**EXERCISE DESCRIPTION**
The required output is a single number: how many lines of the material contain the string "dots".

**INFORMATION GIVEN**
lemma ah_mix_pos_bounds:
  assumes d: "2 \<le> d" and D: "0 < D"
    and p_nonneg: "\<And>k. k < d \<Longrightarrow> 0 \<le> p k" and p_sum: "(\<Sum>k<d. p k) = 1"
    and l_bounded: "\<And>k. k < d \<Longrightarrow> 0 \<le> l k \<and> l k \<le> 1"
  shows "0 \<le> ah_mix d p l D" "ah_mix d p l D \<le> ah_hedge d p l"
proof -
  define \<eta> where "\<eta> = ln (real d) / D"
  define E where "E = (\<Sum>k<d. p k * exp (- \<eta> * l k))"
  have \<eta>: "0 < \<eta>" using d D by (simp add: \<eta>_def)
  have mix: "ah_mix d p l D = - (1 / \<eta>) * ln E"
    using D by (simp add: ah_mix_def \<eta>_def E_def)
  obtain j where "j < d" "0 < p j" using ex_pos_of_sum_eq_1[OF p_sum] by blast
  then have E_pos: "0 < E"
    unfolding E_def using p_nonneg by (intro sum_pos2[of "{..<d}" j]) auto
  have "E \<le> (\<Sum>k<d. p k * 1)"
    unfolding E_def using p_nonneg l_bounded \<eta> by (intro sum_mono mult_left_mono) auto
  then have "ln E \<le> 0" using E_pos p_sum by simp
  then show "0 \<le> ah_mix d p l D" using \<eta> by (simp add: mix divide_nonpos_pos)
  have "{..<d} \<noteq> {}" using d by (auto simp: lessThan_empty_iff)
  then have "exp (\<Sum>k\<in>{..<d}. p k *\<^sub>R (- \<eta> * l k)) \<le> (\<Sum>k\<in>{..<d}. p k * exp (- \<eta> * l k))"
    by (intro convex_on_sum[OF _ _ exp_convex]) (use p_sum p_nonneg in auto)
  moreover have "(\<Sum>k\<in>{..<d}. p k *\<^sub>R (- \<eta> * l k)) = - \<eta> * ah_hedge d p l"
    by (simp add: ah_hedge_def sum_distrib_left algebra_simps)
  ultimately have "- \<eta> * ah_hedge d p l \<le> ln E"
    using E_pos by (simp add: E_def ln_ge_iff)
  then have "- (1 / \<eta>) * ln E \<le> - (1 / \<eta>) * (- \<eta> * ah_hedge d p l)"
    using \<eta> by (intro mult_left_mono_neg) auto
  then show "ah_mix d p l D \<le> ah_hedge d p l" using \<eta> by (simp add: mix)
qed

text \<open>The gap equals \<open>(1/\<eta>) ln (\<Sum>\<^sub>k p\<^sub>k exp (\<eta> (h - l\<^sub>k)))\<close>; bound each exponential
  by its quadratic majorant and use \<open>ln x \<le> x - 1\<close>.\<close>
lemma ah_mix_gap_le_variance:
  assumes d: "2 \<le> d" and D: "0 < D" and small: "ln (real d) / D < 3"
    and p_nonneg: "\<And>k. k < d \<Longrightarrow> 0 \<le> p k" and p_sum: "(\<Sum>k<d. p k) = 1"
    and l_bounded: "\<And>k. k < d \<Longrightarrow> 0 \<le> l k \<and> l k \<le> 1"
  shows "ah_hedge d p l - ah_mix d p l D
    \<le> (ln (real d) / D) * ah_variance d p l / (2 * (1 - ln (real d) / D / 3))"
proof -
  define \<eta> where "\<eta> = ln (real d) / D"
  define c where "c = 2 * (1 - \<eta> / 3)"
  define h where "h = ah_hedge d p l"
  define F where "F = (\<Sum>k<d. p k * exp (\<eta> * (h - l k)))"
  have \<eta>: "0 < \<eta>" using d D by (simp add: \<eta>_def)
  have \<eta>3: "\<eta> < 3" using small by (simp add: \<eta>_def)
  then have c: "0 < c" by (simp add: c_def)
  have mix: "ah_mix d p l D = - (1 / \<eta>) * ln (\<Sum>k<d. p k * exp (- \<eta> * l k))"
    using D by (simp add: ah_mix_def \<eta>_def)
  have EF: "(\<Sum>k<d. p k * exp (- \<eta> * l k)) = exp (- \<eta> * h) * F"
    unfolding F_def sum_distrib_left
    by (intro sum.cong refl) (simp add: algebra_simps exp_add[symmetric])
  obtain j where "j < d" "0 < p j" using ex_pos_of_sum_eq_1[OF p_sum] by blast
  then have "0 < F"
    unfolding F_def using p_nonneg by (intro sum_pos2[of "{..<d}" j]) auto
  then have "ln (\<Sum>k<d. p k * exp (- \<eta> * l k)) = - \<eta> * h + ln F"
    unfolding EF by (simp add: ln_mult)
  then have "ah_mix d p l D = - (1 / \<eta>) * (- \<eta> * h + ln F)" by (simp only: mix)
  then have gap: "h - ah_mix d p l D = (1 / \<eta>) * ln F"
    using \<eta> by (simp add: field_simps)
  have h_le: "h \<le> 1" using ah_hedge_bounds[where l=l, OF p_nonneg p_sum l_bounded] by (simp add: h_def)
  have "F \<le> (\<Sum>k<d. p k * (1 + \<eta> * (h - l k) + (\<eta> * (h - l k))\<^sup>2 / c))"
    unfolding F_def c_def
  proof (intro sum_mono mult_left_mono)
    fix k assume "k \<in> {..<d}"
    then have "\<eta> * (h - l k) \<le> \<eta>" using l_bounded[of k] h_le \<eta> by (simp add: mult_left_le)
    then show "exp (\<eta> * (h - l k)) \<le> 1 + \<eta> * (h - l k) + (\<eta> * (h - l k))\<^sup>2 / (2 * (1 - \<eta> / 3))"
      using \<eta> \<eta>3 by (intro exp_le_one_add_quadratic) auto
  qed (use p_nonneg in auto)
  also have "\<dots> = (\<Sum>k<d. p k + \<eta> * (h * p k - p k * l k) + \<eta>\<^sup>2 / c * (p k * (h - l k)\<^sup>2))"
    using c by (intro sum.cong refl) (subst power_mult_distrib, simp add: field_simps)
  also have "\<dots> = (\<Sum>k<d. p k) + \<eta> * (h * (\<Sum>k<d. p k) - (\<Sum>k<d. p k * l k))
      + \<eta>\<^sup>2 / c * ah_variance d p l"
    by (simp add: ah_variance_def h_def[symmetric] sum.distrib sum_distrib_left
        sum_subtractf[symmetric] right_diff_distrib)
  also have "\<dots> = 1 + \<eta>\<^sup>2 / c * ah_variance d p l"
    using p_sum by (simp add: h_def ah_hedge_def)
  finally have "ln F \<le> \<eta>\<^sup>2 / c * ah_variance d p l"
    using ln_le_minus_one[OF \<open>0 < F\<close>] by linarith
  then have "(1 / \<eta>) * ln F \<le> (1 / \<eta>) * (\<eta>\<^sup>2 / c * ah_variance d p l)"
    using \<eta> by (intro mult_left_mono) auto
  also have "(1 / \<eta>) * (\<eta>\<^sup>2 / c * ah_variance d p l) = \<eta> * ah_variance d p l / c"
    using \<eta> by (simp add: power2_eq_square)
  finally have "h - ah_mix d p l D \<le> \<eta> * ah_variance d p l / c" using gap by simp
  then show ?thesis by (simp only: h_def c_def \<eta>_def)
qed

**RESPONSE AREA**
3